The lines to reproduce run from the one containing "b) \<le> f x" to the end of the listing. Reproduce them exactly, both ends included, and nothing else.

########################################

(* In the sequential contribution game described in the context, let $U$ be an open set of parameter triples $(\gamma,\rho,B)$ with $\gamma>0$, $\rho>0$, $0<B<c_{\max}$, such that for every $(\gamma,\rho,B)\in U$ (with $P$ fixed) the inequalities \[ \rho > n\max_i\ell_i'(c_{\max}),\quad \gamma > \max_{k=2,\dots,n}\frac{\ell_k'(c_{\max})B-\rho/n}{c_{\min}/B},\quad P > \Bigl(\max_i\ell_i'(c_{\max})+\gamma\tfrac{c_{\max}}{B}+\tfrac{\rho}{n}\Bigr)(c_{\max}-c_{\min}) \] hold, so that the game has a unique SPNE outcome $c^*(\gamma,\rho,B)$. Define total equilibrium welfare $W(\gamma,\rho,B)=\sum_{i=1}^n R_i\bigl(c^*(\gamma,\rho,B);\gamma,\rho,B\bigr)$. Then on $U$, $W$ is differentiable and \[ \frac{\partial W}{\partial\gamma}>0,\qquad \frac{\partial W}{\partial\rho}>0,\qquad \frac{\partial W}{\partial B}<0, \] i.e. total welfare is increasing in the cooperation coefficient $\gamma$ and in the sharing rate $\rho$, and decreasing in the threshold $B$.
   Context: Sequential contribution game (MAC-SPGG). There are $n\ge 2$ agents acting once each in the fixed order $1,2,\dots,n$. Agent $i$ observes the previous contributions $c_1,\dots,c_{i-1}$ (perfect information) and chooses a contribution (score) $c_i\in[c_{\min},c_{\max}]$, where $0<c_{\min}\le c_{\max}<\infty$. A task threshold $B>0$ is given. Convention: $c_0:=0$. Write $S_n=\sum_{j=1}^n c_j$. Each agent $i$ has a cost function $\ell_i:[c_{\min},c_{\max}]\to\mathbb{R}$ that is strictly convex, twice continuously differentiable, with $\ell_i'>0$. Parameters $\rho>0$ (task reward multiplier), $\gamma>0$ (cooperation coefficient), $P>0$ (failure penalty). The payoff of agent $i$ for the profile $c=(c_1,\dots,c_n)$, depending on parameters $(\gamma,\rho,B)$, is \[ R_i(c;\gamma,\rho,B)= -\ell_i(c_i)+\gamma\,\frac{c_{i-1}}{B}\,c_i+\frac{\rho}{n}\,S_n-P\cdot\mathbf{1}(c_n<B). \] SPNE denotes subgame perfect Nash equilibrium of this finite perfect-information game. *)

theory Defs
  imports "HOL-Analysis.Analysis"
begin

definition strictly_convex_on :: "real set \<Rightarrow> (real \<Rightarrow> real) \<Rightarrow> bool" where
  "strictly_convex_on S f \<longleftrightarrow> convex S \<and>
     (\<forall>x\<in>S. \<forall>y\<in>S. \<forall>u. x \<noteq> y \<and> 0 < u \<and> u < 1 \<longrightarrow>
        f (u * x + (1 - u) * y) < u * f x + (1 - u) * f y)"

text \<open>Agents are indexed 1..n. A (partial) history / profile is a real list; entry
  c ! (i-1) is the contribution c_i of agent i.  A strategy profile assigns to agent i
  a function from histories (lists of length i-1) to contributions.\<close>
type_synonym strategy_profile = "nat \<Rightarrow> real list \<Rightarrow> real"

text \<open>c_{i-1}, with the convention c_0 = 0.\<close>
definition prevc :: "real list \<Rightarrow> nat \<Rightarrow> real" where
  "prevc c i = (if i \<le> 1 then 0 else c ! (i - 2))"

definition payoff ::
  "nat \<Rightarrow> (nat \<Rightarrow> real \<Rightarrow> real) \<Rightarrow> real \<Rightarrow> real \<Rightarrow> real \<Rightarrow> real \<Rightarrow> nat \<Rightarrow> real list \<Rightarrow> real" where
  "payoff n l P \<gamma> \<rho> B i c =
     - l i (c ! (i - 1)) + \<gamma> * (prevc c i / B) * (c ! (i - 1))
     + \<rho> / real n * sum_list c - P * (if c ! (n - 1) < B then 1 else 0)"

fun play :: "nat \<Rightarrow> strategy_profile \<Rightarrow> real list \<Rightarrow> real list" where
  "play 0 \<sigma> h = h"
| "play (Suc k) \<sigma> h = play k \<sigma> (h @ [\<sigma> (Suc (length h)) h])"

definition outcome_from :: "nat \<Rightarrow> strategy_profile \<Rightarrow> real list \<Rightarrow> real list" where
  "outcome_from n \<sigma> h = play (n - length h) \<sigma> h"

definition feasible_strategy :: "real \<Rightarrow> real \<Rightarrow> (real list \<Rightarrow> real) \<Rightarrow> bool" where
  "feasible_strategy cmin cmax \<tau> \<longleftrightarrow> (\<forall>h. \<tau> h \<in> {cmin..cmax})"

definition feasible_profile :: "nat \<Rightarrow> real \<Rightarrow> real \<Rightarrow> strategy_profile \<Rightarrow> bool" where
  "feasible_profile n cmin cmax \<sigma> \<longleftrightarrow> (\<forall>i\<in>{1..n}. feasible_strategy cmin cmax (\<sigma> i))"

definition is_SPNE ::
  "nat \<Rightarrow> real \<Rightarrow> real \<Rightarrow> (nat \<Rightarrow> real \<Rightarrow> real) \<Rightarrow> real \<Rightarrow> real \<Rightarrow> real \<Rightarrow> real \<Rightarrow> strategy_profile \<Rightarrow> bool" where
  "is_SPNE n cmin cmax l P \<gamma> \<rho> B \<sigma> \<longleftrightarrow>
     feasible_profile n cmin cmax \<sigma> \<and>
     (\<forall>h. length h < n \<and> set h \<subseteq> {cmin..cmax} \<longrightarrow>
        (\<forall>j\<in>{length h + 1..n}. \<forall>\<tau>. feasible_strategy cmin cmax \<tau> \<longrightarrow>
           payoff n l P \<gamma> \<rho> B j (outcome_from n (\<sigma>(j := \<tau>)) h)
             \<le> payoff n l P \<gamma> \<rho> B j (outcome_from n \<sigma> h)))"

definition is_SPNE_outcome ::
  "nat \<Rightarrow> real \<Rightarrow> real \<Rightarrow> (nat \<Rightarrow> real \<Rightarrow> real) \<Rightarrow> real \<Rightarrow> real \<Rightarrow> real \<Rightarrow> real \<Rightarrow> real list \<Rightarrow> bool" where
  "is_SPNE_outcome n cmin cmax l P \<gamma> \<rho> B c \<longleftrightarrow>
     (\<exists>\<sigma>. is_SPNE n cmin cmax l P \<gamma> \<rho> B \<sigma> \<and> c = outcome_from n \<sigma> [])"

definition spne_outcome ::
  "nat \<Rightarrow> real \<Rightarrow> real \<Rightarrow> (nat \<Rightarrow> real \<Rightarrow> real) \<Rightarrow> real \<Rightarrow> real \<Rightarrow> real \<Rightarrow> real \<Rightarrow> real list" where
  "spne_outcome n cmin cmax l P \<gamma> \<rho> B = (THE c. is_SPNE_outcome n cmin cmax l P \<gamma> \<rho> B c)"

definition welfare ::
  "nat \<Rightarrow> real \<Rightarrow> real \<Rightarrow> (nat \<Rightarrow> real \<Rightarrow> real) \<Rightarrow> real \<Rightarrow> real \<Rightarrow> real \<Rightarrow> real \<Rightarrow> real" where
  "welfare n cmin cmax l P \<gamma> \<rho> B =
     (\<Sum>i = 1..n. payoff n l P \<gamma> \<rho> B i (spne_outcome n cmin cmax l P \<gamma> \<rho> B))"

end

theory Submission
  imports Defs
begin

text \<open>Since \<open>\<rho> / n\<close> exceeds every marginal cost \<open>ld j cmax\<close>, the tangent bound
  \<open>l j x - l j cmax \<ge> ld j cmax * (x - cmax)\<close> of the convex cost shows that, when all later
  agents contribute \<open>cmax\<close>, agent \<open>j\<close> strictly prefers \<open>cmax\<close> to any \<open>x < cmax\<close>: lowering
  the contribution loses more shared reward than it saves in cost, lowers the cooperation
  bonus and can only trigger the penalty. By backward induction every SPNE plays \<open>cmax\<close>
  after every feasible history, so on \<open>U\<close> the welfare equals
  \<open>- (\<Sum>i. l i cmax) + \<gamma> * (n - 1) * cmax\<^sup>2 / B + \<rho> * n * cmax\<close>, whose partial derivatives
  have the claimed signs.\<close>

lemma strictly_convex_on_imp_convex_on:
  fixes f :: "real \<Rightarrow> real"
  assumes "strictly_convex_on S f"
  shows "convex_on S f"
proof (rule convex_onI)
  show "convex S" using assms by (simp add: strictly_convex_on_def)
  fix t x y :: real
  assume t: "0 < t" "t < 1" and xy: "x \<in> S" "y \<in> S"
  show "f ((1 - t) *\<^sub>R x + t *\<^sub>R y) \<le> (1 - t) * f x + t * f y"
  proof (cases "x = y")
    case False
    have "0 < 1 - t" "1 - t < 1" using t by auto
    with assms xy False have "f ((1 - t) * x + (1 - (1 - t)) * y) < (1 - t) * f x + (1 - (1 - t)) * f y"
      unfolding strictly_convex_on_def by blast
    then show ?thesis by simp
  qed (simp add: algebra_simps)
qed

lemma convex_on_above_tangent_at_right_end:
  fixes f :: "real \<Rightarrow> real"
  assumes conv: "convex_on {a..b} f" and d: "(f has_real_derivative d) (at b within {a..b})"
    and x: "a \<le> x" "x < b"
  shows "d * (x - b) \<le> f x - f b"
proof -
  let ?A = "{x<..<b}"
  have nontriv: "at b within ?A \<noteq> bot"
    using x by (subst at_within_eq_bot_iff) auto
  have "?A \<subseteq> {a..b}" using x by auto
  with d have "((\<lambda>y. (f y - f b) / (y - b)) \<longlongrightarrow> d) (at b within ?A)"
    unfolding has_field_derivative_iff by (blast intro: tendsto_mono at_le)
  moreover have "\<forall>\<^sub>F y in at b within ?A. (f x - f b) / (x - b) \<le> (f y - f b) / (y - b)"
    unfolding eventually_at_filter
  proof (rule always_eventually, intro allI impI)
    fix y assume y: "y \<in> ?A"
    have "convex_on {x..b} f" using conv by (rule convex_on_subset) (use x in auto)
    then have "f y \<le> (f x - f b) / (b - x) * (b - y) + f b"
      using convex_onD_Icc''[of x b f y] y by auto
    then have "f y - f b \<le> (f x - f b) * ((y - b) / (x - b))"
      using y x by (simp add: field_simps)
    then show "(f x - f b) / (x - b) \<le> (f y - f b) / (y - b)"
      using y x by (simp add: field_split_simps)
  qed
  ultimately have "(f x - f b) / (x - b) \<le> d"
    using nontriv by (rule tendsto_lowerbound)
  then show ?thesis using x by (simp add: field_simps)
qed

########################################

**SOLUTION FOR THIS EXERCISE**
  shows "d * (x - b) \<le> f x - f b"
proof -
  let ?A = "{x<..<b}"
  have nontriv: "at b within ?A \<noteq> bot"
    using x by (subst at_within_eq_bot_iff) auto
  have "?A \<subseteq> {a..b}" using x by auto
  with d have "((\<lambda>y. (f y - f b) / (y - b)) \<longlongrightarrow> d) (at b within ?A)"
    unfolding has_field_derivative_iff by (blast intro: tendsto_mono at_le)
  moreover have "\<forall>\<^sub>F y in at b within ?A. (f x - f b) / (x - b) \<le> (f y - f b) / (y - b)"
    unfolding eventually_at_filter
  proof (rule always_eventually, intro allI impI)
    fix y assume y: "y \<in> ?A"
    have "convex_on {x..b} f" using conv by (rule convex_on_subset) (use x in auto)
    then have "f y \<le> (f x - f b) / (b - x) * (b - y) + f b"
      using convex_onD_Icc''[of x b f y] y by auto
    then have "f y - f b \<le> (f x - f b) * ((y - b) / (x - b))"
      using y x by (simp add: field_simps)
    then show "(f x - f b) / (x - b) \<le> (f y - f b) / (y - b)"
      using y x by (simp add: field_split_simps)
  qed
  ultimately have "(f x - f b) / (x - b) \<le> d"
    using nontriv by (rule tendsto_lowerbound)
  then show ?thesis using x by (simp add: field_simps)
qed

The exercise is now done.